We performed sub-group analyses, specified by (i) age and gender; (ii) various exposure measures, including cumulative use, intensity and duration of use; (iii) comorbidity; and (iv) type of BZRD. In addition, we performed some pre-planned sensitivity analyses. First, the main analysis was repeated with exposure limits of 100 or 250 DDD, instead of 500 DDD. Secondly, we performed the analyses according to separate exposure groups of either benzodiazepines or BZRD. Lastly, the 1 year latency period, i.e. the exclusion of exposure to BZRD or confounders within the last year prior to the index date, was varied from 0 to 2 years.

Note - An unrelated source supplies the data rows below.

lemma sum_eq_0_by_involution:
  fixes f :: "'a \<Rightarrow> real"
  assumes g: "\<And>x. x \<in> X \<Longrightarrow> g x \<in> X" "\<And>x. x \<in> X \<Longrightarrow> g (g x) = x"
    and fg: "\<And>x. x \<in> X \<Longrightarrow> f (g x) = - f x"
  shows "sum f X = 0"
proof -
  have "sum f X = sum (\<lambda>x. f (g x)) X"
    by (rule sum.reindex_bij_witness[where i=g and j=g]) (use g in auto)
  also have "\<dots> = - sum f X" using fg by (simp add: sum_negf)
  finally show ?thesis by simp
qed

lemma sum_signs_prod:
  "(\<Sum>x\<in>(signs :: (real^'n) set). x$a * x$b) = (if a = b then real (card (signs :: (real^'n) set)) else 0)"
proof (cases "a = b")
  case False
  then have "(\<Sum>x\<in>(signs :: (real^'n) set). x$a * x$b) = 0"
    by (intro sum_eq_0_by_involution[where g="flip a"]) (auto simp: flip_signs flip_flip flip_nth)
  then show ?thesis using False by simp
qed (simp add: signs_entry_sq)

definition sign_class :: "'n \<Rightarrow> 'n \<Rightarrow> real \<Rightarrow> (real^'n) set" where
  "sign_class i j s = {x\<in>signs. x$i * x$j = s}"

definition sym_unit :: "'n \<Rightarrow> 'n \<Rightarrow> real^'n^'n" where
  "sym_unit i j = (\<chi> u w. if (u = i \<and> w = j) \<or> (u = j \<and> w = i) then 1 else 0)"

lemma sign_class_subset: "sign_class i j s \<subseteq> signs"
  by (auto simp: sign_class_def)

lemma card_sign_class:
  fixes i j :: "'n::finite"
  assumes ij: "i \<noteq> j" and s: "s = 1 \<or> s = -1"
  shows "2 * card (sign_class i j s) = card (signs :: (real^'n) set)"
proof -
  let ?A = "sign_class i j s" and ?B = "signs - sign_class i j s"
  have "bij_betw (flip i) ?A ?B"
  proof (rule bij_betw_byWitness[where f'="flip i"])
    show "\<forall>a\<in>?A. flip i (flip i a) = a" "\<forall>a\<in>?B. flip i (flip i a) = a" by (simp_all add: flip_flip)
    show "flip i ` ?A \<subseteq> ?B" using ij s by (auto simp: sign_class_def flip_signs flip_nth)
    show "flip i ` ?B \<subseteq> ?A"
      using ij s signs_entry_prod by (fastforce simp: sign_class_def flip_signs flip_nth)
  qed
  then have "card ?A = card ?B" by (rule bij_betw_same_card)
  moreover have "?A \<union> ?B = signs" by (auto simp: sign_class_def)
  then have "card (signs :: (real^'n) set) = card ?A + card ?B"
    using card_Un_disjoint[of ?A ?B] finite_signs by (metis Diff_disjoint finite_Un)
  ultimately show ?thesis by linarith
qed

In the recent cohort study of hypnotic use and cancer risk or mortality , the authors excluded all individuals from the unexposed population who at any time during the complete observation period redeemed a prescription for a hypnotic drug. Thereby, cancer cases among unexposed individuals who redeemed a prescription for a hypnotic after their cancer diagnosis were excluded from all analyses. This potentially created a spurious association between hypnotic use and cancer risk . To evaluate the magnitude of this error, we performed a biased analysis, mimicking this approach by repeating our analysis, only this time excluding all unexposed cases or controls who redeemed a prescription for a BZRD at any time after their index date.
All analyses were performed using Stata Release 12.0 (StataCorp, College Station, TX, USA).